From inside the src/async directory, confirm that the tests pass:

$ cd ../async
$ node remote.test.js# tests 3
# pass 3
# fail 0

These passing tests are retrieving the expected data from the weborigami.org site.

Tools for working with async maps #

We can adapt our json utility to dump an async map to the console. We update the plain function to use a for await loop to process the async keys, and likewise uses await to call the async get method for a given key.

/* src/async/json.js */

// Resolve an async map to an object with string keys and string values.
async function plain(tree) {
  const result = {};
  // Get each of the values from the tree.
  for await (const key of tree.keys()) {
    const value = await tree.get(key);

    // Is the value itself map-like?
    const isMap =
      typeof value?.get === "function" && typeof value?.keys === "function";

    result[key.toString()] = isMap
      ? await plain(value) // Recurse into subtree.
      : value.toString();
  }
  return result;
}

We can then use this json utility to dump our posts from the network site to the console:

$ node json remote.js
{
  "post1.md": "This is **post 1**.",
  "post2.md": "This is **post 2**.",
  "post3.md": "This is **post 3**."
}

As before, all of the data looks the same — but is now coming from a server. Each of those keys came from the server’s .keys.json file, and each of those values came from the respective server file.
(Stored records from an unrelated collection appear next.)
lemma sum_lcos_U_restrict:
  fixes x :: "(int \<times> bool) set \<Rightarrow> int"
  assumes K: "subgroup K D" and C0: "C0 \<in> lcos D K"
  shows "(\<Sum>C\<in>lcos D U. x C * (if C0 = crep C <#\<^bsub>D\<^esub> K then 1 else 0)) = (\<Sum>h\<in>C0. x {h})"
proof -
  have "x C * (if C0 = crep C <#\<^bsub>D\<^esub> K then 1 else 0) = (\<Sum>h\<in>C. if h \<in> C0 then x {h} else 0)"
    if "C \<in> lcos D U" for C
  proof -
    obtain h where "h \<in> carrier D" "C = {h}" using \<open>C \<in> lcos D U\<close> by (auto simp: lcos_U)
    then show ?thesis using D.lcos_eq_iff_mem[OF K C0, of h] by auto
  qed
  then have "(\<Sum>C\<in>lcos D U. x C * (if C0 = crep C <#\<^bsub>D\<^esub> K then 1 else 0))
      = (\<Sum>C\<in>lcos D U. \<Sum>h\<in>C. if h \<in> C0 then x {h} else 0)"
    by (rule sum.cong[OF refl])
  also have "\<dots> = (\<Sum>h\<in>C0. x {h})"
    by (rule D.sum_lcos_restrict[OF subgroup_U K finite_D C0])
  finally show ?thesis .
qed

lemma sum_lcos_S_restrict:
  fixes x :: "(int \<times> bool) set \<Rightarrow> int"
  assumes C0: "C0 \<in> lcos D T"
  shows "(\<Sum>C\<in>lcos D S. x C * ((if C0 = crep C <#\<^bsub>D\<^esub> T then 1 else 0)
            + (if C0 = (crep C \<otimes>\<^bsub>D\<^esub> rot (int m)) <#\<^bsub>D\<^esub> T then 1 else 0)))
       = (\<Sum>h\<in>C0. x (h <#\<^bsub>D\<^esub> S))"
proof -
  have "x C * ((if C0 = crep C <#\<^bsub>D\<^esub> T then 1 else 0)
            + (if C0 = (crep C \<otimes>\<^bsub>D\<^esub> rot (int m)) <#\<^bsub>D\<^esub> T then 1 else 0))
      = (\<Sum>h\<in>C. if h \<in> C0 then x (h <#\<^bsub>D\<^esub> S) else 0)" if C: "C \<in> lcos D S" for C
  proof -
    let ?c = "crep C" and ?c' = "crep C \<otimes>\<^bsub>D\<^esub> rot (int m)"
    have c: "?c \<in> carrier D" "?c' \<in> carrier D"
      using D.crep_carrier[OF subgroup_S C] by auto
    have "?c <#\<^bsub>D\<^esub> S = C" "?c' <#\<^bsub>D\<^esub> S = C"
      using D.crep_lcos[OF subgroup_S C] D.lcos_eq_mem[OF subgroup_S C] lcos_S_pair(1)[OF C]
      by (metis insertI1 insertI2 singletonI)+
    moreover have "(\<Sum>h\<in>C. if h \<in> C0 then x (h <#\<^bsub>D\<^esub> S) else 0)
        = (if ?c \<in> C0 then x (?c <#\<^bsub>D\<^esub> S) else 0) + (if ?c' \<in> C0 then x (?c' <#\<^bsub>D\<^esub> S) else 0)"
      by (subst lcos_S_pair(1)[OF C]) (simp add: lcos_S_pair(2)[OF C, symmetric])
    ultimately show ?thesis
      using D.lcos_eq_iff_mem[OF subgroup_T C0 c(1)] D.lcos_eq_iff_mem[OF subgroup_T C0 c(2)]
      by (auto simp: eq_commute[of C0] algebra_simps)
  qed
  then have "(\<Sum>C\<in>lcos D S. x C * ((if C0 = crep C <#\<^bsub>D\<^esub> T then 1 else 0)
            + (if C0 = (crep C \<otimes>\<^bsub>D\<^esub> rot (int m)) <#\<^bsub>D\<^esub> T then 1 else 0)))
      = (\<Sum>C\<in>lcos D S. \<Sum>h\<in>C. if h \<in> C0 then x (h <#\<^bsub>D\<^esub> S) else 0)"
    by (rule sum.cong[OF refl])
  also have "\<dots> = (\<Sum>h\<in>C0. x (h <#\<^bsub>D\<^esub> S))"
    by (rule D.sum_lcos_restrict[OF subgroup_S subgroup_T finite_D C0])
  finally show ?thesis .
qed

lemma lcos_S_shift_iff:
  assumes "g \<in> carrier D" "h \<in> carrier D"
  shows "g <#\<^bsub>D\<^esub> S = (h \<otimes>\<^bsub>D\<^esub> rot 2) <#\<^bsub>D\<^esub> S \<longleftrightarrow> h <#\<^bsub>D\<^esub> S = (g \<otimes>\<^bsub>D\<^esub> rot (-2)) <#\<^bsub>D\<^esub> S"
proof -
  have "int m dvd a - (b + 2) \<longleftrightarrow> int m dvd b - (a - 2)" for a b
    using dvd_minus_iff[of "int m" "a - (b + 2)"] by (simp add: algebra_simps)
  moreover have "int m dvd a - (b - 2) \<longleftrightarrow> int m dvd b - (a + 2)" for a b
    using dvd_minus_iff[of "int m" "a - (b - 2)"] by (simp add: algebra_simps)
  ultimately show ?thesis
    using assms by (elim carrier_cases) (simp_all add: lcos_S_rot_eq_iff lcos_S_rfl_eq_iff)
qed

section \<open>The map Psi and its surjectivity\<close>

definition I where "I = {(y1, y2). y1 \<in> pm D S \<and> y2 \<in> pm D T \<and> aug D S y1 + aug D T y2 = 0}"
definition R where "R = pm D U \<times> pm D S \<times> (UNIV :: int set)"
definition iact where "iact = (\<lambda>g (y1, y2). (pact D S g y1, pact D T g y2))"
definition ract where "ract = (\<lambda>g (x1, x2, x3::int). (pact D U g x1, pact D S g x2, x3))"
definition v1 where "v1 = (cs D S \<one>\<^bsub>D\<^esub>, - cs D T \<one>\<^bsub>D\<^esub>)"
definition v2 where "v2 = (cs D S \<one>\<^bsub>D\<^esub> + cs D S (dsigma [^]\<^bsub>D\<^esub> (2::nat)),
                - (cs D T \<one>\<^bsub>D\<^esub> + cs D T (dsigma [^]\<^bsub>D\<^esub> m)))"
definition v3 where "v3 = ((\<Sum>i<m. cs D S (dsigma [^]\<^bsub>D\<^esub> i) + cs D S (dsigma [^]\<^bsub>D\<^esub> i \<otimes>\<^bsub>D\<^esub> dtau)),
                - (\<Sum>i<2 * m. cs D T (dsigma [^]\<^bsub>D\<^esub> i)))"
definition Psi where "Psi = (\<lambda>(x1, x2, x3). plift D U iact v1 x1 + plift D S iact v2 x2 + zsc2 x3 v3)"
definition E where "E = {x \<in> R. Psi x = 0}"

lemma iact_Pair [simp]: "iact g (y1, y2) = (pact D S g y1, pact D T g y2)"
  by (simp add: iact_def)

lemma ract_Pair [simp]: "ract g (x1, x2, x3) = (pact D U g x1, pact D S g x2, x3)"
  by (simp add: ract_def)

sublocale iact: lattice_action D zsc2 iact
  by unfold_locales
    (auto simp: iact_def module_hom_iff zsc2.module_axioms zsc2_def pact.add pact.scale
      D.pact_mult[OF subgroup_S] D.pact_mult[OF subgroup_T] split: prod.splits)

sublocale ract: lattice_action D zsc3 ract
  by unfold_locales
    (auto simp: ract_def module_hom_iff zsc3.module_axioms zsc3_def pact.add pact.scale
      D.pact_mult[OF subgroup_U] D.pact_mult[OF subgroup_S] split: prod.splits)

lemma iact_v1: "g \<in> carrier D \<Longrightarrow> iact g v1 = (cs D S g, - cs D T g)"
  by (simp add: v1_def one_rot pact.neg D.pact_cs[OF subgroup_S] D.pact_cs[OF subgroup_T])

lemma iact_v2: "g \<in> carrier D \<Longrightarrow> iact g v2 = (cs D S g + cs D S (g \<otimes>\<^bsub>D\<^esub> rot 2),
     - (cs D T g + cs D T (g \<otimes>\<^bsub>D\<^esub> rot (int m))))"
  by (simp add: v2_def one_rot pact.neg pact.add pact.diff D.pact_cs[OF subgroup_S]
      D.pact_cs[OF subgroup_T])

lemma fst_v3: "fst v3 = (\<lambda>C. if C \<in> lcos D S then 1 else 0)"
proof
  fix C
  show "fst v3 C = (if C \<in> lcos D S then 1 else 0)"
  proof (cases "C \<in> lcos D S")
    case True
    then obtain g where g: "g \<in> carrier D" "C = g <#\<^bsub>D\<^esub> S" by (rule D.lcosE)
    have "fst v3 C = (\<Sum>i<m. (if C = rot (int i) <#\<^bsub>D\<^esub> S then 1 else 0)
        + (if C = rfl (int i) <#\<^bsub>D\<^esub> S then 1 else 0))"
      by (simp add: v3_def sum_fun_apply cs_def dtau_rfl)
    also have "\<dots> = 1"
      using g sum_dvd_diff_indicator[OF m_pos] by (elim carrier_cases) (simp_all add: lcos_S_rot_eq_iff lcos_S_rfl_eq_iff)
    finally show ?thesis using True by simp
  qed (auto simp: v3_def sum_fun_apply cs_def dtau_rfl D.lcosI intro!: sum.neutral)
qed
Happily, this async json utility will still be able to process our regular, synchronous Map classes too. The JavaScript for await statement and await keyword are flexible enough that they work even if a map’s get and keys methods are synchronous. The use of the async features for a sync map will have a minor impact on performance, but in exchange tools like the json utility can be made to work with both sync and async maps.
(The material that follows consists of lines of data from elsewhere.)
text \<open>Here \<open>c\<^sup>2 \<beta>\<close> need not lie in \<open>B\<close>; completing the square trades it for
  \<open>\<beta>\<^sup>2 / (2d) \<in> B\<close> at the cost of \<open>d (N\<^sub>1 - c\<^sup>2) + d/2 (N\<^sub>2 - c\<^sup>4)\<close>, which is
  in \<open>Q\<close> by the archimedean property and as small as we like.\<close>

lemma Q_ker_square_mult:
  assumes c: "c \<in> A" and a: "a \<in> Q_ker"
  shows "c\<^sup>2 * a \<in> Q_ker"
proof (rule Q_kerI)
  have c2: "c\<^sup>2 \<in> A" "(c\<^sup>2)\<^sup>2 \<in> A"
    using c subalgebra_power2[OF subalg_A] by blast+
  show "c\<^sup>2 * a \<in> A" using a c2 subalgebra_mult[OF subalg_A] unfolding Q_ker_def by blast
  fix e :: real assume e: "e > 0"
  obtain N1 N2 where N: "N1 \<ge> 1" "of_real N1 - c\<^sup>2 \<in> Q" "N2 \<ge> 1" "of_real N2 - (c\<^sup>2)\<^sup>2 \<in> Q"
    using archimedean_upper_bound[OF arch subalg_A] c2 by meson
  define d where "d = e / (N1 + N2/2)"
  have d: "d > 0" using e N unfolding d_def by simp
  have "d * N1 + d/2 * N2 = d * (N1 + N2/2)" by (simp add: algebra_simps)
  also have "\<dots> = e" unfolding d_def using N by simp
  finally have de: "of_real d * of_real N1 + of_real (d/2) * of_real N2 = (of_real e :: 'a)"
    by (simp flip: of_real_mult of_real_add)
  obtain \<beta> where \<beta>: "\<beta> \<in> B" "y \<beta> = 0" "a + of_real d + \<beta> \<in> Q" using Q_kerD[OF a d] by blast
  have "\<beta> \<in> A" using \<beta>(1) subset by blast
  let ?\<beta>' = "of_real (1/(2*d)) * \<beta>\<^sup>2"
  have "c\<^sup>2 * (a + of_real d + \<beta>) \<in> Q"
    by (rule quadratic_module_square_mult[OF qmod c \<beta>(3)])
  moreover have "of_real (1/(2*d)) * (of_real d * c\<^sup>2 - \<beta>)\<^sup>2 \<in> Q"
    using d c2 \<open>\<beta> \<in> A\<close> subalg_A
    by (intro quadratic_module_of_real_mult[OF subalg_A qmod] quadratic_module_square[OF qmod])
      (auto intro: subalgebra_closed)
  moreover have "of_real d * (of_real N1 - c\<^sup>2) \<in> Q" "of_real (d/2) * (of_real N2 - (c\<^sup>2)\<^sup>2) \<in> Q"
    using N d by (auto intro: quadratic_module_of_real_mult[OF subalg_A qmod])
  ultimately have "c\<^sup>2 * (a + of_real d + \<beta>) + of_real (1/(2*d)) * (of_real d * c\<^sup>2 - \<beta>)\<^sup>2
      + of_real d * (of_real N1 - c\<^sup>2) + of_real (d/2) * (of_real N2 - (c\<^sup>2)\<^sup>2) \<in> Q"
    by (metis quadratic_module_add[OF qmod])
  then have "c\<^sup>2 * a + of_real e + ?\<beta>' \<in> Q"
    unfolding completing_square_identity[OF d] de[symmetric] by (simp add: add.assoc)
  moreover have "?\<beta>' \<in> B" using \<beta>(1) subalg_B by (auto intro: subalgebra_closed)
  moreover have "y ?\<beta>' = 0"
    using Ychar_mult[OF character subalgebra_of_real[OF subalg_B] subalgebra_power2[OF subalg_B \<beta>(1)]]
      Ychar_power2[OF character \<beta>(1)] \<beta>(2) by simp
  ultimately show "\<exists>\<beta>\<in>B. y \<beta> = 0 \<and> c\<^sup>2 * a + of_real e + \<beta> \<in> Q" by blast
qed

lemma quadratic_module_Q_ker: "quadratic_module A Q_ker"
  unfolding quadratic_module_def
  using Q_ker_add Q_ker_square_mult Q_subset_Q_ker quadratic_module_one[OF qmod]
  by (auto simp: Q_ker_def)

lemma minus_one_notin_Q_ker: "- 1 \<notin> Q_ker"
proof
  assume "- 1 \<in> Q_ker"
  then obtain \<beta> where \<beta>: "\<beta> \<in> B" "y \<beta> = 0" "- 1 + of_real (1/2) + \<beta> \<in> Q"
    using Q_kerD[of "- 1" "1/2"] by auto
  have "- 1 + of_real (1/2) + \<beta> \<in> B" using \<beta>(1) subalg_B by (auto intro: subalgebra_closed)
  moreover have "y (- 1 + of_real (1/2) + \<beta>) = - 1/2"
    using \<beta> subalg_B
    by (simp add: Ychar_add[OF character] Ychar_diff[OF character subalg_B] Ychar_one[OF character]
        Ychar_of_real[OF character subalg_B] subalgebra_closed)
  ultimately show False using nonneg[OF \<beta>(3)] by simp
qed

lemma kernel_subset_Q_ker:
  assumes b: "b \<in> B" "y b = 0"
  shows "b \<in> Q_ker"
proof (rule Q_kerI)
  show "b \<in> A" using b subset by blast
  fix e :: real assume e: "e > 0"
  let ?\<beta> = "of_real (1/(4*e)) * b\<^sup>2"
  have "of_real (2*e) + b \<in> A"
    using \<open>b \<in> A\<close> by (intro subalgebra_add[OF subalg_A] subalgebra_of_real[OF subalg_A])
  then have "of_real (1/(4*e)) * (of_real (2*e) + b)\<^sup>2 \<in> Q"
    using e by (intro quadratic_module_of_real_mult[OF subalg_A qmod] quadratic_module_square[OF qmod]) auto
  moreover have "of_real (1/(4*e)) * (of_real (2*e) + b)\<^sup>2 = b + of_real e + ?\<beta>"
    using e unfolding of_real_mult_square_add by (simp add: power2_eq_square)
  moreover have "?\<beta> \<in> B" using b subalg_B by (auto intro: subalgebra_closed)
  moreover have "y ?\<beta> = 0"
    using Ychar_mult[OF character subalgebra_of_real[OF subalg_B] subalgebra_power2[OF subalg_B b(1)]]
      Ychar_power2[OF character b(1)] b(2) by simp
  ultimately show "\<exists>\<beta>\<in>B. y \<beta> = 0 \<and> b + of_real e + \<beta> \<in> Q" by auto
qed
It would be possible, with a modest amount of work, to extend our complete set of map-based tooling to work with async maps:

  • We could adapt HtmlMap to accept an async map as the source of markdown content.
  • We could adapt serve.js to serve content from an async map.
  • We could adapt copy.js to copy content from one async map to another.

Having the underlying infrastructure accommodate both sync and async maps would confer a great deal of flexibility. We could, for example, redefine our site to directly pull the markdown content from a server.